COMMENTS: You can’t choose your own dystopian-bum name, but I reckon I’d go by “Cardigan.” I might rub elbows with the likes of Chef, Wors, Pap, or Two-Bit, and meet up with Society whenever I wanted to score some designer drugs. Yessir, a whimsical existence of survival interspersed with skirmishes with police and memorial services for fallen comrades goo-ified by a deadly chemical administered by government drones.
So goes this re-imagining of 2987’s Street Trash, wherein our casually-charismatic heroes do their best amidst poverty and the threat of annihilation, preserving through brotherhood and cunning japes against the well-heeled. In the movie’s world, the middle classes (and, indeed, the working classes) have been eliminated—economically, mind you. You’ve either got more money than you could possibly know what to do with ( I’ve heard good things about “SoyCoin”, the first vegan cryptocurrency), or no money at all. The message sent, again, and again, is that wealth disparity is a grim and growing issue.
Commendably, though, Street Trash doesn’t come across as sermonizing despite its inherent preachiness. The characters are fun—particularly Chef, with his dissections of age-old children’s classics as creepy sex parables. For those hungry for practical effects, they burst from nearly every pore. Some dozen or more characters ooze DayGlo™ liquids, slough skin from hands and head, grow pustulant goiters which pop, and much more. Also to Street Trash ’24’s credit is the presence of Gary Green, unearthly star from Kruger’s feature debut Fried Barry. Green is a fascination in every shot, coming across as half a wavelength removed from his surroundings. Appropriately, Green’s character has an imaginary friend (voiced by Kruger) who is altogether blue and bizarre.
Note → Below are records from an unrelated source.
lemma subharmonic_bounded_where_nonneg:
  fixes w U :: "complex \<Rightarrow> real"
  assumes sub: "subharmonic_plane w" and U: "continuous_on UNIV U" "mean_value_on U UNIV"
    and growth: "\<And>\<epsilon>. 0 < \<epsilon> \<Longrightarrow> \<exists>C. \<forall>z. 0 \<le> U z \<longrightarrow> w z \<le> \<epsilon> * U z + C"
  shows "\<exists>M. \<forall>z. 0 \<le> U z \<longrightarrow> w z \<le> M"
proof -
  obtain C1 where C1: "\<And>z. 0 \<le> U z \<Longrightarrow> w z \<le> U z + C1" using growth[of 1] by auto
  obtain K where "\<forall>z\<in>cball 0 1. w z \<le> K"
    using usc_bounded_above_on_compact[of w "cball 0 1"] sub by (auto simp: subharmonic_plane_def)
  hence K: "\<And>z. cmod z \<le> 1 \<Longrightarrow> w z \<le> K" by simp
  define M where "M = max (max C1 K) 0"
  have "w z0 \<le> M" if "0 \<le> U z0" for z0
  proof (cases "U z0 = 0 \<or> cmod z0 \<le> 1")
    case True thus ?thesis using C1[of z0] K[of z0] by (auto simp: M_def)
  next
    case False
    with \<open>0 \<le> U z0\<close> have z0: "0 < U z0" "1 < cmod z0" by auto
    show ?thesis
    proof (rule le_of_forall_pos_le_add_mult[where c="U z0"])
      fix \<epsilon> :: real assume "0 < \<epsilon>"
      then obtain C where "\<And>z. 0 \<le> U z \<Longrightarrow> w z \<le> \<epsilon> * U z + C" using growth by blast
      show "w z0 \<le> M + \<epsilon> * U z0"
      proof (rule le_of_forall_pos_le_add_mult[where c="ln (cmod z0)"])
        fix \<eta> :: real assume "0 < \<eta>"
        show "w z0 \<le> M + \<epsilon> * U z0 + \<eta> * ln (cmod z0)"
        proof (rule subharmonic_le_log_barrier_where_pos[OF sub U])
          show "w z \<le> M" if "U z = 0" for z using C1[of z] that by (simp add: M_def)
          show "w z \<le> M" if "cmod z \<le> 1" for z using K[OF that] by (simp add: M_def)
        qed (use \<open>\<And>z. 0 \<le> U z \<Longrightarrow> w z \<le> \<epsilon> * U z + C\<close> \<open>0 < \<epsilon>\<close> \<open>0 < \<eta>\<close> z0 in \<open>auto simp: M_def\<close>)
      qed (use z0 in simp)
    qed (use z0 in simp)
  qed
  thus ?thesis by blast
qed

lemma subharmonic_le_log_barrier_annulus:
  fixes w :: "complex \<Rightarrow> real"
  assumes sub: "subharmonic_plane w" and bounded: "\<And>z. w z \<le> B"
    and inner: "\<And>y. cmod (y - a) = r \<Longrightarrow> w y \<le> m" and "0 < r" "r < cmod (z - a)" "0 < \<eta>"
  shows "w z \<le> m + \<eta> * (ln (cmod (z - a)) - ln r)"
proof -
  define R where "R = max (cmod (z - a) + 1) (r * exp (\<bar>B - m\<bar> / \<eta>))"
  define \<Omega> where "\<Omega> = ball a R \<inter> {y. r < cmod (y - a)}"
  define h where "h y = \<eta> * ln r - \<eta> * ln (cmod (y - a))" for y
  have "\<bar>B - m\<bar> \<le> \<eta> * (ln R - ln r)"
  proof -
    have "ln (r * exp (\<bar>B - m\<bar> / \<eta>)) \<le> ln R"
      using \<open>0 < r\<close> by (subst ln_le_cancel_iff) (auto simp: R_def less_max_iff_disj)
    thus ?thesis using \<open>0 < r\<close> \<open>0 < \<eta>\<close> by (simp add: ln_mult field_simps)
  qed
  have \<Omega>: "open \<Omega>" "bounded \<Omega>"
    unfolding \<Omega>_def by (auto intro!: open_Int open_Collect_less continuous_intros bounded_Int)
  have closure: "closure \<Omega> \<subseteq> cball a R \<inter> {y. r \<le> cmod (y - a)}"
    unfolding \<Omega>_def
    by (intro closure_minimal closed_Int closed_cball closed_Collect_le continuous_intros)
      (auto simp: dist_norm norm_minus_commute)
  have "continuous_on {y. r \<le> cmod (y - a)} h"
    unfolding h_def using \<open>0 < r\<close> by (intro continuous_intros) auto
  hence "continuous_on (closure \<Omega>) h" using closure continuous_on_subset by blast
  moreover have "mean_value_on h \<Omega>"
    unfolding h_def using \<open>0 < r\<close>
    by (intro mean_value_on_diff mean_value_on_const mean_value_on_cmult mean_value_on_ln_norm_diff)
      (simp add: \<Omega>_def)
  moreover have "w y + h y \<le> m" if "y \<in> frontier \<Omega>" for y
  proof -
    have "y \<in> closure \<Omega>" "y \<notin> \<Omega>" using that \<Omega>(1) by (auto simp: frontier_def interior_open)
    hence "cmod (y - a) = R \<or> cmod (y - a) = r"
      using closure by (auto simp: \<Omega>_def dist_norm norm_minus_commute)
    thus ?thesis
      using bounded[of y] inner[of y] \<open>\<bar>B - m\<bar> \<le> \<eta> * (ln R - ln r)\<close> by (auto simp: h_def algebra_simps)
  qed
  moreover have "z \<in> \<Omega>" using \<open>r < cmod (z - a)\<close> by (simp add: \<Omega>_def R_def dist_norm norm_minus_commute)
  ultimately have "w z + h z \<le> m"
    by (rule subharmonic_add_mean_value_maximum_principle[OF sub \<Omega>])
  thus ?thesis by (simp add: h_def algebra_simps)
qed

lemma subharmonic_bounded_above_le:
  fixes w :: "complex \<Rightarrow> real"
  assumes sub: "subharmonic_plane w" and bounded: "\<And>z. w z \<le> B"
  shows "w z \<le> w a"
proof (cases "z = a")
  case False
  show ?thesis
  proof (rule field_le_epsilon)
    fix e :: real assume "0 < e"
    hence "a \<in> {y. w y < w a + e}" by simp
    then obtain r1 where r1: "0 < r1" "ball a r1 \<subseteq> {y. w y < w a + e}"
      using sub open_contains_ball by (metis subharmonic_plane_def)
    define r where "r = min (r1/2) (cmod (z - a) / 2)"
    have "0 < cmod (z - a)" using False by simp
    hence r: "0 < r" "r < r1" "r < cmod (z - a)" using r1 by (auto simp: r_def min_def)
    show "w z \<le> w a + e"
    proof (rule le_of_forall_pos_le_add_mult[where c="ln (cmod (z - a)) - ln r"])
      fix \<eta> :: real assume "0 < \<eta>"
      show "w z \<le> w a + e + \<eta> * (ln (cmod (z - a)) - ln r)"
      proof (rule subharmonic_le_log_barrier_annulus[OF sub bounded _ r(1,3) \<open>0 < \<eta>\<close>])
        show "w y \<le> w a + e" if "cmod (y - a) = r" for y
          using that r(2) r1(2) by (force simp: dist_norm norm_minus_commute)
      qed
    qed (use ln_mono[of r "cmod (z - a)"] r in simp)
  qed
qed simp

lemma subharmonic_plane_bounded_above_constant:
  fixes w :: "complex \<Rightarrow> real"
  assumes "subharmonic_plane w" and "\<And>z. w z \<le> B"
  shows "\<exists>c. \<forall>z. w z = c"
  using subharmonic_bounded_above_le[OF assms] by (metis order_antisym)

theorem theorem4:
  fixes w u :: "complex \<Rightarrow> real" and \<Phi> :: "real \<Rightarrow> real"
  assumes "subharmonic_plane w"
    and "harmonic_plane u"
    and "\<forall>t. \<Phi> t \<ge> 0"
    and "\<forall>x. \<exists>e>0. bounded (\<Phi> ` ball x e)"
    and "((\<lambda>t. \<Phi> t / \<bar>t\<bar>) \<longlongrightarrow> 0) at_infinity"
    and "\<forall>z. w z \<le> \<Phi> (u z)"
  shows "\<exists>c. \<forall>z. w z = c"
proof -
  have bounded_where_nonneg: "\<exists>M. \<forall>z. 0 \<le> U z \<longrightarrow> w z \<le> M"
    if U: "U = u \<or> U = (\<lambda>z. - u z)" for U
  proof (rule subharmonic_bounded_where_nonneg[OF assms(1)])
    show "continuous_on UNIV U"
      using U harmonic_plane_continuous[OF assms(2)] by (auto intro: continuous_intros)
    show "mean_value_on U UNIV"
      using U harmonic_plane_mean_value_on[OF assms(2)] mean_value_on_cmult[of u UNIV "-1"] by auto
    fix \<epsilon> :: real assume "0 < \<epsilon>"
    then obtain C where "\<forall>t. \<Phi> t \<le> \<epsilon> * \<bar>t\<bar> + C" using sublinear_growth_bound assms(4,5) by blast
    moreover have "\<bar>u z\<bar> = U z" if "0 \<le> U z" for z using U that by auto
    ultimately show "\<exists>C. \<forall>z. 0 \<le> U z \<longrightarrow> w z \<le> \<epsilon> * U z + C"
      using assms(6) by (metis order_trans)
  qed
  obtain M1 M2 where "\<And>z. 0 \<le> u z \<Longrightarrow> w z \<le> M1" "\<And>z. 0 \<le> - u z \<Longrightarrow> w z \<le> M2"
    using bounded_where_nonneg[of u] bounded_where_nonneg[of "\<lambda>z. - u z"] by auto
  hence "w z \<le> max M1 M2" for z by (cases "0 \<le> u z") (auto simp: le_max_iff_disj)
  thus ?thesis by (rule subharmonic_plane_bounded_above_constant[OF assms(1)])
qed

end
As remakes go, this isn’t quite one. Kruger’s sophomore feature belongs to a genre I’m stumbling across more often these days, in perhaps a sign of the times: a hybrid of post-apocalyptic and cutesy playfulness, taking the edges off the grim reality descending upon humanity like a sack of awful. Or, maybe a sack of offal—considering the vast quantities of sludge to be found in Street Trash.